**Assignment**
Of the lines below, write out exactly those from the line with "(\<theta> + pi/3)" through the line with "text \<open>The centre's", both included, and skip the rest.

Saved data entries
+++

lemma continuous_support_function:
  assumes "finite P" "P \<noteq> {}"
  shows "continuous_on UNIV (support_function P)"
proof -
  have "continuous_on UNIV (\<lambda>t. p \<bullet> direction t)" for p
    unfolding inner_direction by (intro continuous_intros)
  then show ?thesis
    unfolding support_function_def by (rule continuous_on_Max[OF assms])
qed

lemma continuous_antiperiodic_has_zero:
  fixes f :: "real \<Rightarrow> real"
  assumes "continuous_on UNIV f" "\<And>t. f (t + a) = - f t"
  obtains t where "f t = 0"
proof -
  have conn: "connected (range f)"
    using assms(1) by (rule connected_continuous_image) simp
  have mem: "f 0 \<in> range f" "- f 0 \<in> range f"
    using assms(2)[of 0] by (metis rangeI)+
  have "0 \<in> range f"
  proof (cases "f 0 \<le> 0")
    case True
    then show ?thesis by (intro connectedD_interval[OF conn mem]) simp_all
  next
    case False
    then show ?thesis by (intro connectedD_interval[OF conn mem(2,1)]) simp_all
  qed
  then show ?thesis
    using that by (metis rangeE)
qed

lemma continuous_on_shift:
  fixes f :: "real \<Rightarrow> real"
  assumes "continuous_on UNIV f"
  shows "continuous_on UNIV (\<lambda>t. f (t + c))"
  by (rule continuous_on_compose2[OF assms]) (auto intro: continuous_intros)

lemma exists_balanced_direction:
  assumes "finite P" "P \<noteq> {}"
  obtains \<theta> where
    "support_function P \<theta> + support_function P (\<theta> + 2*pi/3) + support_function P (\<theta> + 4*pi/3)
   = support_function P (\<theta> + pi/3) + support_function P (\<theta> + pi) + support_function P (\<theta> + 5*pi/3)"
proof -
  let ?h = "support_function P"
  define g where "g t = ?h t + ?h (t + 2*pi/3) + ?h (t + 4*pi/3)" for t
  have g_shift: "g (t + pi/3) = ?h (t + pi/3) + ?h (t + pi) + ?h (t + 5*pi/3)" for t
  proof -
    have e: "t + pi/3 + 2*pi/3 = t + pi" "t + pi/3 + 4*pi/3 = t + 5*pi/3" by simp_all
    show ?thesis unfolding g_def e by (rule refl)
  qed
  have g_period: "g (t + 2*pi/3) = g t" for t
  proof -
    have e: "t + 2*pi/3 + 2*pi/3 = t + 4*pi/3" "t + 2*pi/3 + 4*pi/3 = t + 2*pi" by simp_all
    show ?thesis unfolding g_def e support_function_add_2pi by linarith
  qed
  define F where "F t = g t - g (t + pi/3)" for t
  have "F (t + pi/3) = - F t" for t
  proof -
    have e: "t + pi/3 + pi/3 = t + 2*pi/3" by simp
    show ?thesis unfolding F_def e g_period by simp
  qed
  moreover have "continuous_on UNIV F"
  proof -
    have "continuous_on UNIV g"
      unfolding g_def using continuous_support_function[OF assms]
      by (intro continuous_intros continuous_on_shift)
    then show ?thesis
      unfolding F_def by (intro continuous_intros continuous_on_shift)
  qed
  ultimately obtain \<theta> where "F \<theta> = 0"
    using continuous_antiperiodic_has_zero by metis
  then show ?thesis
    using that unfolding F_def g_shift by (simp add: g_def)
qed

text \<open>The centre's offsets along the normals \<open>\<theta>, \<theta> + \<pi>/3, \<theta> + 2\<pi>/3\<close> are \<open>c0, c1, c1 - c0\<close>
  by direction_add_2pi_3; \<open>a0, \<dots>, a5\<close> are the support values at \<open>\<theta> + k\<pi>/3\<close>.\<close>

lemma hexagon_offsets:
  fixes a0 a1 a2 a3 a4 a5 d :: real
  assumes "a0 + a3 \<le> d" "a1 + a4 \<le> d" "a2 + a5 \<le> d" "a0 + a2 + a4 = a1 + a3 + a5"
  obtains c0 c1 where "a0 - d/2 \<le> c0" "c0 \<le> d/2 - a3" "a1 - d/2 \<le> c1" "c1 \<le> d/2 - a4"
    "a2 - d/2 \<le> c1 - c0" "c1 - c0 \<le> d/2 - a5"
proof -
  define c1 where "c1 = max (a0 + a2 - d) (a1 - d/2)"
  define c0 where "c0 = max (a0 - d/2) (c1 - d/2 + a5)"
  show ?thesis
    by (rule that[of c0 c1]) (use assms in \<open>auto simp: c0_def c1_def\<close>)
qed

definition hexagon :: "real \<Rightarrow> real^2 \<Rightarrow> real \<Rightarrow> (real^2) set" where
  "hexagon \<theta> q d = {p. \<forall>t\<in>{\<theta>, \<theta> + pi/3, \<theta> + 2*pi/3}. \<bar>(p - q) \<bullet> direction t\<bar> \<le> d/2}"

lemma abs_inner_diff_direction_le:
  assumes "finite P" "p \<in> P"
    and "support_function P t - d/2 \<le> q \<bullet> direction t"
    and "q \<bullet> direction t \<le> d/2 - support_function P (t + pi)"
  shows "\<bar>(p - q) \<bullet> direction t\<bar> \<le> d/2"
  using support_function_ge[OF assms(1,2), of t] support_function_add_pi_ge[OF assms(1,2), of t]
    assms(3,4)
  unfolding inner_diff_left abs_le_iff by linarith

+++

**Solution to this problem**
   = support_function P (\<theta> + pi/3) + support_function P (\<theta> + pi) + support_function P (\<theta> + 5*pi/3)"
proof -
  let ?h = "support_function P"
  define g where "g t = ?h t + ?h (t + 2*pi/3) + ?h (t + 4*pi/3)" for t
  have g_shift: "g (t + pi/3) = ?h (t + pi/3) + ?h (t + pi) + ?h (t + 5*pi/3)" for t
  proof -
    have e: "t + pi/3 + 2*pi/3 = t + pi" "t + pi/3 + 4*pi/3 = t + 5*pi/3" by simp_all
    show ?thesis unfolding g_def e by (rule refl)
  qed
  have g_period: "g (t + 2*pi/3) = g t" for t
  proof -
    have e: "t + 2*pi/3 + 2*pi/3 = t + 4*pi/3" "t + 2*pi/3 + 4*pi/3 = t + 2*pi" by simp_all
    show ?thesis unfolding g_def e support_function_add_2pi by linarith
  qed
  define F where "F t = g t - g (t + pi/3)" for t
  have "F (t + pi/3) = - F t" for t
  proof -
    have e: "t + pi/3 + pi/3 = t + 2*pi/3" by simp
    show ?thesis unfolding F_def e g_period by simp
  qed
  moreover have "continuous_on UNIV F"
  proof -
    have "continuous_on UNIV g"
      unfolding g_def using continuous_support_function[OF assms]
      by (intro continuous_intros continuous_on_shift)
    then show ?thesis
      unfolding F_def by (intro continuous_intros continuous_on_shift)
  qed
  ultimately obtain \<theta> where "F \<theta> = 0"
    using continuous_antiperiodic_has_zero by metis
  then show ?thesis
    using that unfolding F_def g_shift by (simp add: g_def)
qed

text \<open>The centre's offsets along the normals \<open>\<theta>, \<theta> + \<pi>/3, \<theta> + 2\<pi>/3\<close> are \<open>c0, c1, c1 - c0\<close>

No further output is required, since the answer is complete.